BEGIN Records shown
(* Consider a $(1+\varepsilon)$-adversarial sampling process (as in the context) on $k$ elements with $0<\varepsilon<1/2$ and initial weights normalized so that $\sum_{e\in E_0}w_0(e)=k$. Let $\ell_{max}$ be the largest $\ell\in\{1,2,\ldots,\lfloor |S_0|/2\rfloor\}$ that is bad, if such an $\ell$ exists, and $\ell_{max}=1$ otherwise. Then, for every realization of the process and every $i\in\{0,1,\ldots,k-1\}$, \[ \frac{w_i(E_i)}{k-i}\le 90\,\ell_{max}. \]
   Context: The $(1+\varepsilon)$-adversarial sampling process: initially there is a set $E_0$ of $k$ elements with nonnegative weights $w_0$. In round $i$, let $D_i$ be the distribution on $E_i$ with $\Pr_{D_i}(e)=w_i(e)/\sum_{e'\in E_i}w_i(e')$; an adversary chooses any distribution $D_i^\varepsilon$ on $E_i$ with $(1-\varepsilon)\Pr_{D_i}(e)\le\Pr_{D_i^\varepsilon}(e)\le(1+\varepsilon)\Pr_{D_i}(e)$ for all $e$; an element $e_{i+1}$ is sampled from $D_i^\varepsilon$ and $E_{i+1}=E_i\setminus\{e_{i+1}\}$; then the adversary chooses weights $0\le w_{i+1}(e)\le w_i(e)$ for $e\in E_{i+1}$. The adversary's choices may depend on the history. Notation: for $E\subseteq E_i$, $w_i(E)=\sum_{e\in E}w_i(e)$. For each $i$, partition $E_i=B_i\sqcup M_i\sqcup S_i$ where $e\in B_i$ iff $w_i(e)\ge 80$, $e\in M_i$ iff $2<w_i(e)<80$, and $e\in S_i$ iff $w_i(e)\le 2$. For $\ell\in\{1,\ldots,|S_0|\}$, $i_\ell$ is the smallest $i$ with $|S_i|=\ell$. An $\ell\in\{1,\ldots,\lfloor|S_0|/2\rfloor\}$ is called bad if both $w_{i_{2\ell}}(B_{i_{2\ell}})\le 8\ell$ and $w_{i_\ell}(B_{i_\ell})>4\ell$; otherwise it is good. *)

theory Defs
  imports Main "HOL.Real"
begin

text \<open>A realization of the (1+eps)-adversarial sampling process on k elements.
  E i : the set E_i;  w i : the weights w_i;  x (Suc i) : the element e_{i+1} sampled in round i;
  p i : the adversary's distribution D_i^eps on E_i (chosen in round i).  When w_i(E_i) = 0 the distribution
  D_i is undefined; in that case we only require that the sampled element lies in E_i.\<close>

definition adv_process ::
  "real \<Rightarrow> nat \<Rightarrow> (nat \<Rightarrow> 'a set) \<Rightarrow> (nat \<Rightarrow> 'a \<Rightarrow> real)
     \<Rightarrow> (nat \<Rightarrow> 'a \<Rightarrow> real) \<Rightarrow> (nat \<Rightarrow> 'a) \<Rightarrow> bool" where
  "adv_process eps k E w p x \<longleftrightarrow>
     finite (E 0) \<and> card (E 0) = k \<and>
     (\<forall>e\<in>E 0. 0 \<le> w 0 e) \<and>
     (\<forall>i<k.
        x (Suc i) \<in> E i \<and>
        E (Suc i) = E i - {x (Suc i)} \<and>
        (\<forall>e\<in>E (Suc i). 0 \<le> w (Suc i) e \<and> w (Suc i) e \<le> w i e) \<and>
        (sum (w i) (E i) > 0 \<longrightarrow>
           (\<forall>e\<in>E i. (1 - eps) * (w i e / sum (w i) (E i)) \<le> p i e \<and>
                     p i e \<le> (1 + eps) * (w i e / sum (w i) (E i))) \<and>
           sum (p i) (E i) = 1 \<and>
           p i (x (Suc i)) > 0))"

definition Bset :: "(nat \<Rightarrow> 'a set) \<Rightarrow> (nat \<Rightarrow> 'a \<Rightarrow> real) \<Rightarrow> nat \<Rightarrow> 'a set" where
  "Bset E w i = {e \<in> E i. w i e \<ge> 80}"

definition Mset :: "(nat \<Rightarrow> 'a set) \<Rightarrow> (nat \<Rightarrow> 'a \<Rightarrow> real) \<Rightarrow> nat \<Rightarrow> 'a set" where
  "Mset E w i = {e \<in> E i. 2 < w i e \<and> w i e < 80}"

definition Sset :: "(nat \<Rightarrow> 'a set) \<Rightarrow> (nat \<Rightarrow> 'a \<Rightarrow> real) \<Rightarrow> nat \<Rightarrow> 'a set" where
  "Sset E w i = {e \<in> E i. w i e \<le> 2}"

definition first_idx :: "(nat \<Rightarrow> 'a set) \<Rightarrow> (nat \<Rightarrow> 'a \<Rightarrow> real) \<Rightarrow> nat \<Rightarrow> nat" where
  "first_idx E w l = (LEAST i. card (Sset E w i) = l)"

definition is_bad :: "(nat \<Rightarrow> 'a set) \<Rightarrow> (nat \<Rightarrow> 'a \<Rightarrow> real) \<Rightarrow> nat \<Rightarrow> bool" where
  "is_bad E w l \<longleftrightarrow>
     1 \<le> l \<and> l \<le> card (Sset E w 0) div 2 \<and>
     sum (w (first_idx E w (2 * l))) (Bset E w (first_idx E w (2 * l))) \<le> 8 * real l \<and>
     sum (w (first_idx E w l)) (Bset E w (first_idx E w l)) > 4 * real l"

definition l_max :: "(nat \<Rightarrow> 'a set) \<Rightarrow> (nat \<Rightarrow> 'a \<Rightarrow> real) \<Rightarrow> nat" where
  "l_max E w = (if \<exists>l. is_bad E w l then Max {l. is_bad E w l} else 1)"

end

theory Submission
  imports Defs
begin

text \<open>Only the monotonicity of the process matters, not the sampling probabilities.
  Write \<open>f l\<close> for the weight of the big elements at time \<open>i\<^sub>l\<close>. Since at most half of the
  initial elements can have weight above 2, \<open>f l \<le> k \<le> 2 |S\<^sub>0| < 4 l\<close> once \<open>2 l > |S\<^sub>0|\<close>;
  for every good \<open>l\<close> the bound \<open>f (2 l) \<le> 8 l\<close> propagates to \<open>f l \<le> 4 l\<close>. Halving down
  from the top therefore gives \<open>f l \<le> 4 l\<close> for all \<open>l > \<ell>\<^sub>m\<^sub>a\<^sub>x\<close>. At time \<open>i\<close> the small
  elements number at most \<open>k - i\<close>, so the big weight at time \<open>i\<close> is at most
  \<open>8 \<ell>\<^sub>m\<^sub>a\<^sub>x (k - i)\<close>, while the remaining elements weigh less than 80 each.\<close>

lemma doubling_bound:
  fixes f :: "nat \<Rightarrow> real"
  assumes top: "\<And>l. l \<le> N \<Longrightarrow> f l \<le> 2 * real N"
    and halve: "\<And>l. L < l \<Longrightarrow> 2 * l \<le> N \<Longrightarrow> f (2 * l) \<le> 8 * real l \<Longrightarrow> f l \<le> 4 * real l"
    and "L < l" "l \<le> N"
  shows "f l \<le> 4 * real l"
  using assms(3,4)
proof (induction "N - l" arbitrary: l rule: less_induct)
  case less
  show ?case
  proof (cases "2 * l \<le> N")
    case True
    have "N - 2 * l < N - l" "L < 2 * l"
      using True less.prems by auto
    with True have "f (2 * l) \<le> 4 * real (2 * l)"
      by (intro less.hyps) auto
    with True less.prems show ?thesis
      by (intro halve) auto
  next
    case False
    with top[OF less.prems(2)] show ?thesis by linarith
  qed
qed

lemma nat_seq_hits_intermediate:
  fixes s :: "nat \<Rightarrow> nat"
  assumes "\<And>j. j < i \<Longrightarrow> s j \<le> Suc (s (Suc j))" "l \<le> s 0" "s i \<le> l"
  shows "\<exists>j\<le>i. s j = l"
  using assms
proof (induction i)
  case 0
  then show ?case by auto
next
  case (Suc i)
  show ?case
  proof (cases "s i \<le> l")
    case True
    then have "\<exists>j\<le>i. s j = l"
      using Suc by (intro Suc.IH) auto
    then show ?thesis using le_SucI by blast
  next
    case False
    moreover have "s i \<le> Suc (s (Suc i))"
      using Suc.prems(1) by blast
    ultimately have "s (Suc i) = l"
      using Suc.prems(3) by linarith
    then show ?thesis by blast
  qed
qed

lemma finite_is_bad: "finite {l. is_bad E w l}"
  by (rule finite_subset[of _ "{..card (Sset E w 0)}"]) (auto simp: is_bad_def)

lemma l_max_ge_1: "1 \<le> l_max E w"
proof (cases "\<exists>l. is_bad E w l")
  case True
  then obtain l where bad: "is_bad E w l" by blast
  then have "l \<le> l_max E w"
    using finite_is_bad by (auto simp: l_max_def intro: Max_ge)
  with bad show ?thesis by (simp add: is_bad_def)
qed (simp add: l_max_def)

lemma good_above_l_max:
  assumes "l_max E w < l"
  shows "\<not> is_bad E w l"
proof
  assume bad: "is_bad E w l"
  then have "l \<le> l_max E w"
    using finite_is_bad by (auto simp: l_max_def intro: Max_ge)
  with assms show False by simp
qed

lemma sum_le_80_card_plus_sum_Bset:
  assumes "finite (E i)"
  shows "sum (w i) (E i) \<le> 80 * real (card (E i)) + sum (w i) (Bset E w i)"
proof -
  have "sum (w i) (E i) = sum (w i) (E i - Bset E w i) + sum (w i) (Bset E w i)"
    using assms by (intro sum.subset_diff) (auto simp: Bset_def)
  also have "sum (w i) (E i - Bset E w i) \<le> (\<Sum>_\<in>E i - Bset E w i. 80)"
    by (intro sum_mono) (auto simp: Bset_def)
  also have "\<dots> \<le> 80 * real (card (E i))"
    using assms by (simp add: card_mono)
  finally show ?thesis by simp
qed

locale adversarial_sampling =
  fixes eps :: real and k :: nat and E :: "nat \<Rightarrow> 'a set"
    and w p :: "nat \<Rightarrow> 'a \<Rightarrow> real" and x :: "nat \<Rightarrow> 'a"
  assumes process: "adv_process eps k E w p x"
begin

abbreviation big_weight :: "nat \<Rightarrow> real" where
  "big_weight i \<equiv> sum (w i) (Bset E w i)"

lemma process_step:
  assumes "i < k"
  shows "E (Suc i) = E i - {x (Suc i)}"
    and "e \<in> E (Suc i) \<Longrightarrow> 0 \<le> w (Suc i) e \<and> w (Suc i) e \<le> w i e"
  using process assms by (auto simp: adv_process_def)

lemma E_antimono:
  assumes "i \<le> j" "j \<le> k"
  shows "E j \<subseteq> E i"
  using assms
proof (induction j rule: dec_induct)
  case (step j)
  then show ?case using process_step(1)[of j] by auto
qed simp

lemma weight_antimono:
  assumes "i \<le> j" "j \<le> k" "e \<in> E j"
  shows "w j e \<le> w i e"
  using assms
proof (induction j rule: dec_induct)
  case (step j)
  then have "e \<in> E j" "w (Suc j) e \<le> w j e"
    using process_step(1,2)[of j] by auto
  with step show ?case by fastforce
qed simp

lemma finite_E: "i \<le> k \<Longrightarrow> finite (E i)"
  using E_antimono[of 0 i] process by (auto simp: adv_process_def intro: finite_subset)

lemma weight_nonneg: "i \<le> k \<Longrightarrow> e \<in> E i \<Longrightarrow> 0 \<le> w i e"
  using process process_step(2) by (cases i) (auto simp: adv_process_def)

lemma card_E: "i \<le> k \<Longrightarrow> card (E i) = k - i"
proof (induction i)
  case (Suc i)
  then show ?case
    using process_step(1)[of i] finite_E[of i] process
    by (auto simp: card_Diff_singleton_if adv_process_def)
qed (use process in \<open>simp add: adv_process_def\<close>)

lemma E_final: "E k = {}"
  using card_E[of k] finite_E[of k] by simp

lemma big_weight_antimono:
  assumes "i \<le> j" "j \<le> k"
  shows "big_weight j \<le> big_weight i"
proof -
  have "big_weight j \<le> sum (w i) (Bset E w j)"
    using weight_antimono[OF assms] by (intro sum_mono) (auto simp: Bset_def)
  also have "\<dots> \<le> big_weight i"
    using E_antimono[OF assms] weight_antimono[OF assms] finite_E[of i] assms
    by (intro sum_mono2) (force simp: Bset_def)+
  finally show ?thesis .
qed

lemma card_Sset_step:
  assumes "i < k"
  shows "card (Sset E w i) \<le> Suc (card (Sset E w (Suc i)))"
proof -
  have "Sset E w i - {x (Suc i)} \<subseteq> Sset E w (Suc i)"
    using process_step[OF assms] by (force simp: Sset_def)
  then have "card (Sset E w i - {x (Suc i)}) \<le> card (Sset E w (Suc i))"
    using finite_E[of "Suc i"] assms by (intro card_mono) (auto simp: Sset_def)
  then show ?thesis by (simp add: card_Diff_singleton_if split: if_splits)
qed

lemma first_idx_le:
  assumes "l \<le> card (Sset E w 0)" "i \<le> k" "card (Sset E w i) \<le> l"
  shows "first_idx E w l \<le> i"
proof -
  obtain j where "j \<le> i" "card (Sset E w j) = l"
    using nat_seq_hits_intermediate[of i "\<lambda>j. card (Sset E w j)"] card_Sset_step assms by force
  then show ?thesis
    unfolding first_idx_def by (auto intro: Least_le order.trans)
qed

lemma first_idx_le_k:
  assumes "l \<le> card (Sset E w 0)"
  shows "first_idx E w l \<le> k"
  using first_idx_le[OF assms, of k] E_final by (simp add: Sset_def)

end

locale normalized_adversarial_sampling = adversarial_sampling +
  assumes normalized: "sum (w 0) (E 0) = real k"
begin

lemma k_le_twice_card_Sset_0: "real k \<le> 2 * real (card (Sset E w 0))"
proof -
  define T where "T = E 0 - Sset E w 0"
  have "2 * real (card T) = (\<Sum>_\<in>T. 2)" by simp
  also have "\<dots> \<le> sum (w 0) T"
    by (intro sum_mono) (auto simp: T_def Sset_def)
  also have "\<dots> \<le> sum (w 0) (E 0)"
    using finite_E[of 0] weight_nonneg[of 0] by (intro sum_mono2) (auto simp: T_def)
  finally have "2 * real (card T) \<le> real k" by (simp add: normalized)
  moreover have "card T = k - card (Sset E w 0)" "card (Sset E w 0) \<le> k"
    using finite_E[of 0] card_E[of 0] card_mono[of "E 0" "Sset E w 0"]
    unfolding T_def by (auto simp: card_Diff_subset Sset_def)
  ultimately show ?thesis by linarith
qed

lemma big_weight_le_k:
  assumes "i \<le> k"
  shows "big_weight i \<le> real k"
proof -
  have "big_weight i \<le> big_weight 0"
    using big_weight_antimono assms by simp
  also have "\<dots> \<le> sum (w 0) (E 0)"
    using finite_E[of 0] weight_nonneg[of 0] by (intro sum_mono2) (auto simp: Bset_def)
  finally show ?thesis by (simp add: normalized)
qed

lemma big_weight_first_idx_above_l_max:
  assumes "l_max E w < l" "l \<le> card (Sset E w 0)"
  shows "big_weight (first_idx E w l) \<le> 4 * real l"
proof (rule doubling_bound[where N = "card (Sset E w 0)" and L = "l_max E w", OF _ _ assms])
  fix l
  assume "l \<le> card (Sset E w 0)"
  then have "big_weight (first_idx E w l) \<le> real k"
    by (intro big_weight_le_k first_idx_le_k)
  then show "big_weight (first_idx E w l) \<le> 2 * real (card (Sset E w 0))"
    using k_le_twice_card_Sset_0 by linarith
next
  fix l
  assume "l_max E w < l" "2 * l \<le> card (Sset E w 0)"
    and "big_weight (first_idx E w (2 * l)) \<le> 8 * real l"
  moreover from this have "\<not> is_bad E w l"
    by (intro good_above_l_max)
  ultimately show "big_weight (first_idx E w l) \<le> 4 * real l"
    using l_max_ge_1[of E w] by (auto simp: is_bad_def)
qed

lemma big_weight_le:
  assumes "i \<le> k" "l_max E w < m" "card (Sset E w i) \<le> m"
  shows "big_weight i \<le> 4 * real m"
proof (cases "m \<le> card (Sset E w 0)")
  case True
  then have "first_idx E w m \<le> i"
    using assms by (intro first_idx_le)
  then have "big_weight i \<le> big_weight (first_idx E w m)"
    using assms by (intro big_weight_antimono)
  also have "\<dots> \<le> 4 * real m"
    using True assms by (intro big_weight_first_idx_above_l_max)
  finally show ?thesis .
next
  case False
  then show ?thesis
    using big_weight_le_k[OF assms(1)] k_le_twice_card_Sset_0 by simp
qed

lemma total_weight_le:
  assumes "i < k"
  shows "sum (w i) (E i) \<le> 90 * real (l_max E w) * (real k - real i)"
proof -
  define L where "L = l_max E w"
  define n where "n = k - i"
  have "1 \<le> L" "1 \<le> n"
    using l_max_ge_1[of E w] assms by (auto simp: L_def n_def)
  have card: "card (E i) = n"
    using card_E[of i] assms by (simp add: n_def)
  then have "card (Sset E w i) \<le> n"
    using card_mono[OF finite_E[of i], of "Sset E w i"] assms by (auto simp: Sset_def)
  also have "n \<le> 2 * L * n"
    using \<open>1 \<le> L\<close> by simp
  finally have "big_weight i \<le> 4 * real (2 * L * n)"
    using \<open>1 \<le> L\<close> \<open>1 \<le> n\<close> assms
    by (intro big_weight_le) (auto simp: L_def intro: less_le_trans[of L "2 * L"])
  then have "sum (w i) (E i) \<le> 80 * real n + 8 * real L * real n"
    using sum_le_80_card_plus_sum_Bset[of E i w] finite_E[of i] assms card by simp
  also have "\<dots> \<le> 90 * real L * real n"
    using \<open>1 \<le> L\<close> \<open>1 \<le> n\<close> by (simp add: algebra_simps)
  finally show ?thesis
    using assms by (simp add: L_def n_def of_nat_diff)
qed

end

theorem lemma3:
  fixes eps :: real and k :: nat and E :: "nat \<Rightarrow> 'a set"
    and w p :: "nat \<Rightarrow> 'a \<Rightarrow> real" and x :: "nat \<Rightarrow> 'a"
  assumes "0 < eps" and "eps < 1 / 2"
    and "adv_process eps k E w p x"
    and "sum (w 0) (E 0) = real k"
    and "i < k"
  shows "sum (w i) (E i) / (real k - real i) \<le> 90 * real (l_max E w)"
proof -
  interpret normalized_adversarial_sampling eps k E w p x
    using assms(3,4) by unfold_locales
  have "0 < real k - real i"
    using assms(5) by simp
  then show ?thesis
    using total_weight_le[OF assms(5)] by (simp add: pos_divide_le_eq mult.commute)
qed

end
END Records shown
**Exercise brief:** In the listing above, find the line containing "using assms(5) by simp"; that line and every line after it, through the last, are to be retyped exactly.

**Response to this task:**
    using assms(5) by simp
  then show ?thesis
    using total_weight_le[OF assms(5)] by (simp add: pos_divide_le_eq mult.commute)
qed

end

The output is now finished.